Only a single research group has reported comparable or higher correlations and reproducibility of ventricular volumetry utilizing 3D whole-heart MRI, compared with that using a phase contrast MRI or 2D short-axis cine MRI (567). However, in these studies, a deformable simplex mesh model (56) or a 2D threshold-based segmentation (7) was used for segmenting 3D whole-heart MRI data. Theoretically, the 3D threshold-based segmentation methodology is expected to further improve accuracy of 3D whole-heart MRI in ventricular volume quantification, if their results hold true. Therefore, the purpose of this study was to test whether the 3D threshold-based segmentation method, using 3D whole-heart MRI data, has an additional benefit over the simplified contouring method using 2D cine MRI data in quantifying ventricular volumes.
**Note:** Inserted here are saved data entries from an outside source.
lemma line_through_side_meets_interior:
  fixes V :: "(real^2) set"
  assumes "convex V" "aff_dim V = 2" "F \<in> polygon_sides V" "is_line l" "l \<noteq> affine hull F"
    "p \<in> rel_interior F" "p \<in> l"
  shows "l \<inter> interior V \<noteq> {}"
proof
  assume "l \<inter> interior V = {}"
  moreover have "connected (interior V)" by (simp add: assms(1) convex_connected)
  ultimately obtain a b where ab: "a \<noteq> 0" "l = {x. a \<bullet> x = b}" "\<forall>x\<in>interior V. a \<bullet> x < b"
    using connected_disjoint_line_in_halfplane assms(4) by (metis inf_commute)
  have "closure (interior V) \<subseteq> {x. a \<bullet> x \<le> b}"
    using ab(3) by (intro closure_minimal) (auto simp: closed_halfspace_le)
  then have "V \<subseteq> {x. a \<bullet> x \<le> b}"
    using convex_closure_interior[OF assms(1) interior_nonempty_polygon[OF assms(1,2)]]
      closure_subset by blast
  moreover have "F face_of V" using assms(3) by (simp add: polygon_sides_def)
  ultimately have "convex F" "F \<subseteq> {x. a \<bullet> x \<le> b}"
    using face_of_imp_convex face_of_imp_subset by blast+
  then have "F \<subseteq> l"
    using subset_supporting_hyperplane_rel_interior[OF _ _ assms(6)] ab(2) assms(7) by blast
  then have "affine hull F = l"
    using affine_hull_eq_line[OF assms(4)] assms(3) by (simp add: polygon_sides_def)
  then show False using assms(5) by simp
qed

lemma polygon_vertex_off_crossing_line:
  assumes "bounded_general_position \<L>" "arr_polygon \<L> V" "{x} face_of V"
    "l \<in> \<L>" "l \<inter> interior V \<noteq> {}"
  shows "x \<notin> l"
proof
  assume "x \<in> l"
  have V: "polytope V" "aff_dim V = 2" and hulls: "\<forall>F\<in>polygon_sides V. affine hull F \<in> \<L>"
    using assms(2) arr_polygon_iff[OF assms(1)] by auto
  then have "polyhedron V" using polytope_imp_polyhedron by blast
  then obtain F F' where F: "F \<in> polygon_sides V" "F' \<in> polygon_sides V" "F \<noteq> F'"
    and x: "x \<in> F" "x \<in> F'"
    by (rule polygon_vertex_in_two_sides[OF _ V(2) assms(3)])
  have "affine hull F \<noteq> affine hull F'"
    using inj_onD[OF inj_on_affine_hull_sides[OF polytope_imp_convex[OF V(1)]]] F by blast
  moreover have "affine hull G \<noteq> l" if "G \<in> polygon_sides V" for G
    using affine_hull_side_disjoint_interior[OF polytope_imp_convex[OF V(1)] V(2) that] assms(5)
    by blast
  ultimately show False
    using bounded_general_position_no_triple_point[OF assms(1), of "affine hull F" "affine hull F'" l x]
      hulls F x \<open>x \<in> l\<close> assms(4) hull_inc by metis
qed

lemma crossing_line_exists:
  assumes "bounded_general_position \<L>" "arr_polygon \<L> V" "vertex_number \<L> V > 0"
  obtains l where "l \<in> \<L>" "l \<inter> interior V \<noteq> {}"
proof -
  have V: "polytope V" "aff_dim V = 2" using assms(2) arr_polygon_iff[OF assms(1)] by auto
  obtain p where p: "p \<in> G_vertices \<L>" "p \<in> counted_region V"
    using assms(3) card_gt_0_iff vertex_number_eq_card_counted_region by (metis disjoint_iff)
  then obtain L1 L2 where L: "L1 \<in> \<L>" "L2 \<in> \<L>" "L1 \<noteq> L2" "p \<in> L1" "p \<in> L2"
    unfolding G_vertices_def by blast
  from p(2) consider "p \<in> interior V" | F where "F \<in> polygon_sides V" "p \<in> rel_interior F"
    unfolding counted_region_def by blast
  then show ?thesis
  proof cases
    case 1
    then show ?thesis using that[OF L(1)] L(4) by blast
  next
    case (2 F)
    then obtain l where "l \<in> \<L>" "l \<noteq> affine hull F" "p \<in> l" using L by metis
    moreover from this have "l \<inter> interior V \<noteq> {}"
      using line_through_side_meets_interior[OF polytope_imp_convex[OF V(1)] V(2) 2(1) _ _ 2(2)]
        bounded_general_position_lines[OF assms(1)] by blast
    ultimately show ?thesis using that by blast
  qed
qed

lemma edge_side_disjoint_crossing_line:
  assumes "bounded_general_position \<L>" "arr_polygon \<L> V" "e \<in> G_edges \<L>"
    "e \<in> polygon_sides V" "l \<in> \<L>" "l \<inter> interior V \<noteq> {}"
  shows "e \<inter> l = {}"
proof (rule ccontr)
  assume "e \<inter> l \<noteq> {}"
  then obtain x where x: "x \<in> e" "x \<in> l" by blast
  have V: "polytope V" "aff_dim V = 2" and hulls: "\<forall>F\<in>polygon_sides V. affine hull F \<in> \<L>"
    using assms(2) arr_polygon_iff[OF assms(1)] by auto
  have "affine hull e \<noteq> l"
    using affine_hull_side_disjoint_interior[OF polytope_imp_convex[OF V(1)] V(2) assms(4)] assms(6)
    by blast
  then have "x \<in> G_vertices \<L>"
    using G_verticesI[of "affine hull e" \<L> l x] hulls assms(4,5) x hull_inc by metis
  moreover obtain a b where e: "e = closed_segment a b"
    and no_vertex: "G_vertices \<L> \<inter> open_segment a b = {}"
    using assms(3) unfolding G_edges_def by blast
  ultimately have "x = a \<or> x = b" using x(1) unfolding open_segment_def by blast
  then have "{x} face_of e" using e by (auto simp: face_of_singleton extreme_point_of_segment)
  then have "{x} face_of V"
    using assms(4) face_of_trans by (auto simp: polygon_sides_def)
  then show False using polygon_vertex_off_crossing_line[OF assms(1,2) _ assms(5,6)] x(2) by blast
qed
This retrospective study was approved by the Institutional Review Board of our hospital, which waived informed consent. To utilize flow measurements of the great arteries as a reference, left or right cardiovascular data pairs were excluded when mitral or tricuspid regurgitation greater than grade 1 or interventricular shunt was demonstrated at transthoracic echocardiography. Additionally, cases with functional single ventricles or with poor image quality were excluded. Thus, 110 patients with CHD (median age 18 years, age range 4 months–35 years; M:F = 74:36) who performed navigator-gated, contrast-enhanced, 3D whole-heart MRI during end-systole (ES) and end-diastole (ED), 2D short-axis cine MRI, and phase contrast MRI of the great arteries were enrolled in this study. The majority of included patients were; repaired tetralogy of Fallot (n = 86), followed by repaired pulmonary atresia with ventricular septal defect (n = 6), repaired pulmonary atresia with intact ventricular septum (n = 3), repaired pulmonary atresia, ventricular septal defect and major aortopulmonary collateral arteries (n = 2), and others (n = 13). Among them, completely matched left ventricle (LV) volume and aortic flow data were available in 109 patients after exclusion of one patient with grade 1–2 mitral regurgitation at echocardiography. Completely matched RV volume and pulmonary arterial flow data were available in 77 patients, after exclusion of 30 patients with tricuspid regurgitation ≥ grade 1 at echocardiography and three patients with no available pulmonary artery flow data.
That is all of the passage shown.